Data Overload Is a Real Problem After Digitization
Humans are great at processing a few core variables, but beyond a handful of items, our processing systems tend to break down. It’s why we invented computers, which today largely handle the broad, complex, numerous variables we can’t wrap our heads around.
Ideally, a computer’s job is to process all those variables into easily digestible conclusions for our brains to consider. But in the information age, computers have become incredibly efficient at processing copious data and delivering innumerable insights, leaving us — oddly enough — back at square one, where we’re unable to process the information presented to us. It’s a problem aptly named “data overload.”
The factory ecosystem is rich with data
Today’s factories are packed with technology, and we have the capability to digitize almost anything. A factory ecosystem can include thousands of sensors generating terabytes of data day after day. But what do you do with all this data? Aggregate it, organize it, or do something else entirely?
Understanding what to do with data starts by addressing your need for the data. This is where many people get lost. You can have incredible value stream insights telling you what happens at every stage of the production process, but what does that matter if you’re not sure how to apply the data?
A data-rich factory ecosystem is only as useful as you imagine it to be. Are you trying to correct a problem? Create new efficiencies? Explore a new opportunity? Isolate a specific variable? Until you know the “what” or “why” of your need for insight, data is just data — and it can feel overwhelming.
More data isn’t always a good thing
Even if you have a plan to act on the data, the sheer volume of it can create problems for producers. Data coming from many directions — from thousands of sensors and machines, many of which may not even speak the same “language” — is a challenge for manufacturers to conceptualize. To add to this, factory data is constant, making it difficult to segment or sort in a static way.

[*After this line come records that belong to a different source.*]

(* Let $(\Omega,\mathcal{F},P_0)$ be a complete probability space, $\epsilon\in(0,1)$, $\mathcal{C}\subseteq\mathcal{F}$ a sub-$\sigma$-algebra, and $\rho$ a sublinear operator on $L^{2+\epsilon}_{\mathcal{F}}(\Omega,P_0)$ with representation set $\mathcal{P}$, satisfying the standing assumptions below. Let $\xi\in L^{4+2\epsilon}_{\mathcal{F}}(\Omega,P_0)$. If $\rho$ is stable, then the minimizer of $\eta\mapsto\rho((\xi-\eta)^2)$ over $\eta\in L^{2+\epsilon}_{\mathcal{C}}(P_0)$ is unique: if $\hat\eta_1,\hat\eta_2\in L^{2+\epsilon}_{\mathcal{C}}(P_0)$ both attain $\inf_{\eta\in L^{2+\epsilon}_{\mathcal{C}}(P_0)}\rho((\xi-\eta)^2)$, then $\hat\eta_1=\hat\eta_2$ $P_0$-a.s.
   Context: A sublinear operator is a map $\rho:L^{2+\epsilon}_{\mathcal{F}}(\Omega,P_0)\to\mathbb{R}$ that is monotone, constant preserving, sub-additive and positively homogeneous. Its representation set $\mathcal{P}$ is the family of all linear expectations (identified with probability measures $P$) dominated by $\rho$, so $\rho(\xi)=\max_{P\in\mathcal{P}}E_P[\xi]$; $\rho((\xi-\eta)^2)$ means $\sup_{P\in\mathcal{P}}E_P[(\xi-\eta)^2]$. Write $f^P=dP/dP_0$, $\mathcal{D}=\{f^P:P\in\mathcal{P}\}$. Standing assumptions: every $P\in\mathcal{P}$ is equivalent to $P_0$; $\mathcal{D}$ is norm-bounded in $L^{1+\frac{2}{\epsilon}}_{\mathcal{F}}(P_0)$ and $\sigma(L^{1+\frac{2}{\epsilon}}(P_0),L^{1+\frac{\epsilon}{2}}(P_0))$-compact. $\rho$ is stable if for each $P\in\mathcal{P}$ the random variable $f^P/E_{P_0}[f^P\mid\mathcal{C}]$ lies in $\mathcal{D}$. $L^{2+\epsilon}_{\mathcal{C}}(P_0)$ denotes the $\mathcal{C}$-measurable elements of $L^{2+\epsilon}(P_0)$. *)

theory Defs
  imports "HOL-Probability.Probability"
begin

definition Lp :: "'a measure \<Rightarrow> real \<Rightarrow> ('a \<Rightarrow> real) set" where
  "Lp M p = {X. X \<in> borel_measurable M \<and> integrable M (\<lambda>x. \<bar>X x\<bar> powr p)}"

definition LpC :: "'a measure \<Rightarrow> 'a measure \<Rightarrow> real \<Rightarrow> ('a \<Rightarrow> real) set" where
  "LpC M C p = {X. X \<in> borel_measurable C \<and> integrable M (\<lambda>x. \<bar>X x\<bar> powr p)}"

definition sublinear_operator :: "'a measure \<Rightarrow> real \<Rightarrow> (('a \<Rightarrow> real) \<Rightarrow> real) \<Rightarrow> bool" where
  "sublinear_operator M p \<rho> \<longleftrightarrow>
     (\<forall>X\<in>Lp M p. \<forall>Y\<in>Lp M p. (AE x in M. X x \<le> Y x) \<longrightarrow> \<rho> X \<le> \<rho> Y) \<and>
     (\<forall>c::real. \<rho> (\<lambda>_. c) = c) \<and>
     (\<forall>X\<in>Lp M p. \<forall>Y\<in>Lp M p. \<rho> (\<lambda>x. X x + Y x) \<le> \<rho> X + \<rho> Y) \<and>
     (\<forall>X\<in>Lp M p. \<forall>a::real. a \<ge> 0 \<longrightarrow> \<rho> (\<lambda>x. a * X x) = a * \<rho> X)"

The overwhelming amount of data and insight can lead to data overload, a problem related to “analysis paralysis.” Overwhelming amounts of information become noise: static that can block your ability to understand the important messages and themes buried in all the data. The answers might be right in front of you — but you can’t see them because they’re drowned out by less important data streams.
Factories need an enterprise data ecosystem
Data overload causes more than just static and noise. It can cause exclusionary insights, insight bias, and other conditions leading to false analysis. How do you avoid it?
Today’s manufacturers must invest in enterprise data ecosystems capable of collecting, sorting, analyzing, and transforming data into useful insights that optimize processes and efficiencies. And these processes would occur within dashboards designed to focus on the data that matters.
Investing in personnel is equally important. The modern factory needs data scientists and analysts who can simplify data collection and uncover the roots of problems. Well-trained people and digitized processes cut through the noise accompanying data overload, helping you understand every important nuance of your data.